[Required action]
Repeat precisely the span of lines below that opens with the line containing "int (card Y)" and closes with the line containing "using that by (simp add: Int_absorb1)", both included.

[Data to process]

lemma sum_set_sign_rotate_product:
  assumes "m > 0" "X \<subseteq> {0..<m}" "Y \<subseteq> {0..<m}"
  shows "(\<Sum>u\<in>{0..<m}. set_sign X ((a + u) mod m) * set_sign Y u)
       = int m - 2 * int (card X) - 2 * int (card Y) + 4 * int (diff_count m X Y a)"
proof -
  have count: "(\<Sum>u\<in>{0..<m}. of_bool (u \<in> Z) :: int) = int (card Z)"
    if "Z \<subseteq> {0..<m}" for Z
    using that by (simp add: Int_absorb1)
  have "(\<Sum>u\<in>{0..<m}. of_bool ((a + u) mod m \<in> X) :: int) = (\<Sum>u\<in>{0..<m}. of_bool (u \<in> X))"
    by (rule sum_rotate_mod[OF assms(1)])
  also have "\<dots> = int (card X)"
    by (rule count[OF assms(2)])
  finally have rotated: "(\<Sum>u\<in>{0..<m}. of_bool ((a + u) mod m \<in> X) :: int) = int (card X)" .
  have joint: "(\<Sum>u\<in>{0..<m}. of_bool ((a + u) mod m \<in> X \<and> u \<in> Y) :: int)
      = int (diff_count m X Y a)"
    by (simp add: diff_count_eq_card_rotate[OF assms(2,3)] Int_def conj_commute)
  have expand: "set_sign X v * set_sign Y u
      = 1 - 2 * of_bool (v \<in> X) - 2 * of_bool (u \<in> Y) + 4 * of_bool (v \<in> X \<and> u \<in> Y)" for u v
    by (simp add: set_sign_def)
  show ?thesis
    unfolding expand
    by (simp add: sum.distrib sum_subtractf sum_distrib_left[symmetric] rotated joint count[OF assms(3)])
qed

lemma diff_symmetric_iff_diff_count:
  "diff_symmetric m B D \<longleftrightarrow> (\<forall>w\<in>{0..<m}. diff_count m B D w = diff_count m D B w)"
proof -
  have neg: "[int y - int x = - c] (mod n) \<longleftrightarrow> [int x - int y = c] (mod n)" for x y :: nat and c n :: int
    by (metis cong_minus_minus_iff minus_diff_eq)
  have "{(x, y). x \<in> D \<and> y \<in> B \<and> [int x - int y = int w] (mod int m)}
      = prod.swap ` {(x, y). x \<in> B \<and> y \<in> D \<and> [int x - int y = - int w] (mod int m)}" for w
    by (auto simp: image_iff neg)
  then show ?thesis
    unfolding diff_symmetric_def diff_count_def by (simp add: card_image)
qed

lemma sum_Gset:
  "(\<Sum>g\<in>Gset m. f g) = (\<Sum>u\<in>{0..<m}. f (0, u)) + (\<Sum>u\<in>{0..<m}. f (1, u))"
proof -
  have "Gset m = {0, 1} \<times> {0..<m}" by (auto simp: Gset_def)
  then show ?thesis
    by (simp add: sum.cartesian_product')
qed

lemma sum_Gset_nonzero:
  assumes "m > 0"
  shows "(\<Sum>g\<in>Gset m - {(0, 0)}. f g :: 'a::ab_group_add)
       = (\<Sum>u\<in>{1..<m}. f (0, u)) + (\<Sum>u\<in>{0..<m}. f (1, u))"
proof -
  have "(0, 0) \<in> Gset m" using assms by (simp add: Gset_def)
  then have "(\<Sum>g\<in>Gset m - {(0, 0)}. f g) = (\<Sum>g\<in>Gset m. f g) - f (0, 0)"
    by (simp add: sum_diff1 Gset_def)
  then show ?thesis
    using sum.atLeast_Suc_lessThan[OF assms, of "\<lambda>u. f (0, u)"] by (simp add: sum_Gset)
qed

* * *

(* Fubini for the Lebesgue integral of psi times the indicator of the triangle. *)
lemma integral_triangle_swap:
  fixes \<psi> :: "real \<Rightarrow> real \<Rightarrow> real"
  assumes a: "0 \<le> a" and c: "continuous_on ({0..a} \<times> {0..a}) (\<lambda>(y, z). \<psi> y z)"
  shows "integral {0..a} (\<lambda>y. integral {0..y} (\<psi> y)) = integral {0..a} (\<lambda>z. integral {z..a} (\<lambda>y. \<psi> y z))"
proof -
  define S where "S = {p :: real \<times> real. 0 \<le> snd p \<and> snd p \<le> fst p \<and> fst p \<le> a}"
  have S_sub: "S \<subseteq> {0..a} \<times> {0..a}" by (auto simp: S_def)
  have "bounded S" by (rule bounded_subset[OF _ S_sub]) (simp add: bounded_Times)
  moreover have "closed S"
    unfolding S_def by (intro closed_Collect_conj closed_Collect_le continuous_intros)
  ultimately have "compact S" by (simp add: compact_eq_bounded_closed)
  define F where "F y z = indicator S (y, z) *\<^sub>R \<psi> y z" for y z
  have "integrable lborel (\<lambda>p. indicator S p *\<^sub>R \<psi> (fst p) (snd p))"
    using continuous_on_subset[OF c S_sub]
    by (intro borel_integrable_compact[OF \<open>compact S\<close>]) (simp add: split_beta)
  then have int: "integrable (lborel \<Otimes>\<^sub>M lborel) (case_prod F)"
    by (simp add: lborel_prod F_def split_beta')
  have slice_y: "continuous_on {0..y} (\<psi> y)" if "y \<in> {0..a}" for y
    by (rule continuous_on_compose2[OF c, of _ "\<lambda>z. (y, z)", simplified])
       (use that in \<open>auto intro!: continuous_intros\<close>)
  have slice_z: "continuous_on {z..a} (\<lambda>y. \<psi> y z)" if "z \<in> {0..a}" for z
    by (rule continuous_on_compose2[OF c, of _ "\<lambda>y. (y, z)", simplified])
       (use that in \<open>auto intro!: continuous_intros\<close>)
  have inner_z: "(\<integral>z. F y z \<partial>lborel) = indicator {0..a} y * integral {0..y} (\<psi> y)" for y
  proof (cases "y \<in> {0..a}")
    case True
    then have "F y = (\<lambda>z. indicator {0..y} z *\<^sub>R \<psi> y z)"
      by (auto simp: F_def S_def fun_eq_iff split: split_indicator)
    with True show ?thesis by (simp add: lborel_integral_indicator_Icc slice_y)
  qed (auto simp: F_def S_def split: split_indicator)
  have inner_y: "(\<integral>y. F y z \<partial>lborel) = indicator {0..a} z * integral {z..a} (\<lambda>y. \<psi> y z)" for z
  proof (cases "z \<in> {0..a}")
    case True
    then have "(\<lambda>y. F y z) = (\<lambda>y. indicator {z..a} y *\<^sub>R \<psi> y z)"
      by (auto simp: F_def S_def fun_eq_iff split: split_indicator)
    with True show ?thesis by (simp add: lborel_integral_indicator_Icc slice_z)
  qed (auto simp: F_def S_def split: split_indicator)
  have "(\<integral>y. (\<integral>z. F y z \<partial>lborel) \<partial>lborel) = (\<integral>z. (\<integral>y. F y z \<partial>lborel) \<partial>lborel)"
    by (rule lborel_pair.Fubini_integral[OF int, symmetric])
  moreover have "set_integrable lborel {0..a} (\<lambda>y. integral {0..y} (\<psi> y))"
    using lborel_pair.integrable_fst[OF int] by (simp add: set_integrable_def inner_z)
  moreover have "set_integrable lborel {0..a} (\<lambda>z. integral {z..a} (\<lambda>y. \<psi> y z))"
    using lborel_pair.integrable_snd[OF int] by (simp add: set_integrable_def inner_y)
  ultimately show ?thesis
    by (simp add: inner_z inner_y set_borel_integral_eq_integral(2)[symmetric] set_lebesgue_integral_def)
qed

[Exercise answer]
       = int m - 2 * int (card X) - 2 * int (card Y) + 4 * int (diff_count m X Y a)"
proof -
  have count: "(\<Sum>u\<in>{0..<m}. of_bool (u \<in> Z) :: int) = int (card Z)"
    if "Z \<subseteq> {0..<m}" for Z
    using that by (simp add: Int_absorb1)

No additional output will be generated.